The only way in which this Court can interfere with a general discretion of a Chairman of Tribunals is on the Wednesbury principles, namely, first that the learned Chairman failed to take into account something he should have taken into account, secondly, that he took into account something he should not have taken into account, or thirdly, that he was plainly wrong in the view which he took and the Order which he made. We find ourselves at present unable to interfere with that discretion. It is not enough for us to say that we would, almost undoubtedly, have reached a different conclusion, because we would have doubted whether justice can be done in the circumstances which are likely to arise tomorrow morning. However, those circumstances may be different, it may be different facets of the problem may appear and matters which were not known to the learned Chairman when he decided not to grant an adjournment will become apparent to him, in which case he can exercise his discretion afresh. However, we do note that Mr Bradley was perfectly straightforward in indicating from the beginning that he could not appear on the day of the Jewish Day of Atonement, if there is any blame at all when the facts ultimately are arrived at, it may be that there is an issue as to costs, but the issue as to costs can be dealt with at a later date when the Tribunal know what it is all about. The only loss to the public Exchequer is the loss of a one day's hearing of a tribunal and whether or not the learned Chairman or the Members can spend time reading some of the 1,000 pages we know not, but it occurs to us that unless they have read those 1,000 pages time might usefully be spent in that occupation.

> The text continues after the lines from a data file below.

lemma A_inv_mult_derivative_has_integral:
  assumes X: "\<And>t. X t \<in> carrier R" "\<And>t. X' t \<in> carrier R"
    and deriv: "\<And>t. t \<in> {0..1} \<Longrightarrow> (X has_coord_derivative X' t) (at t within {0..1})"
    and closed: "X 1 = X 0"
    and nz: "\<And>t k. t \<in> {0..1} \<Longrightarrow> k \<in> {1..m} \<Longrightarrow> X t k \<noteq> 0"
    and winding: "\<And>k. k \<in> {1..m} \<Longrightarrow> ((\<lambda>t. X' t k / X t k) has_integral 2 * pi * \<i>) {0..1}"
  shows "((\<lambda>t. (A_inv m n Ups u (X t) \<otimes> X' t) k) has_integral 2 * pi * \<i> * \<one> k) {0..1}"
proof -
  let ?Y = "\<lambda>t. nil_factor (X t)" and ?Y' = "\<lambda>t. nil_factor_deriv (X t) (X' t)"
  have Y: "?Y t \<in> carrier R" "?Y' t \<in> carrier R" for t
    using X by (simp_all add: nil_factor_def nil_factor_deriv_def)
  have "((\<lambda>t. log_series (?Y t) k) has_vector_derivative (neumann_series (?Y t) \<otimes> ?Y' t) k)
      (at t within {0..1})" if "t \<in> {0..1}" for t
    using log_series_has_coord_derivative[OF Y(1) Y(2)
        nil_factor_has_coord_derivative[OF X(1) X(2) deriv[OF that] nz[OF that]]]
    by (simp add: has_coord_derivative_def)
  then have log: "((\<lambda>t. (neumann_series (?Y t) \<otimes> ?Y' t) k) has_integral 0) {0..1}"
    using fundamental_theorem_of_calculus[of 0 1] closed by fastforce
  have S: "((\<lambda>t. (S_inverse (X t) \<otimes> S_part (X' t)) k) has_integral 2 * pi * \<i> * \<one> k) {0..1}"
  proof (cases "k \<in> {1..m}")
    case True
    then show ?thesis
      using winding[OF True] by (simp add: mult_apply_S S_inverse_def S_part_def one_eq A_one_def)
  next
    case False
    then show ?thesis by (auto simp: mult_of_S_elements S_inverse_def S_part_def one_eq A_one_def)
  qed
  show ?thesis
  proof (rule has_integral_cong[THEN iffD1, OF _ has_integral_add[OF S log, unfolded add_0_right]])
    fix t :: real assume "t \<in> {0..1}"
    then have "A_inv m n Ups u (X t) \<otimes> X' t
        = S_inverse (X t) \<otimes> S_part (X' t) \<oplus> neumann_series (?Y t) \<otimes> ?Y' t"
      using A_inv_mult_eq[OF X(1) X(2) nz] by blast
    then show "(S_inverse (X t) \<otimes> S_part (X' t)) k + (neumann_series (?Y t) \<otimes> ?Y' t) k
        = (A_inv m n Ups u (X t) \<otimes> X' t) k"
      by (simp only: add_eq)
  qed
qed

We repeat that we are unable to interfere with this Decision. But in the light of further information which has been indicated to us it may be possible for the learned Chairman to review his Decision tomorrow morning or possibly even late tonight. In those circumstances, but subject only to some documents which have just recently arrived, we would dismiss the appeal but we hope and believe that Miss Gay and her instructing Solicitor have an adequate note of what we have said and if needs be we will do our utmost to get a transcript out.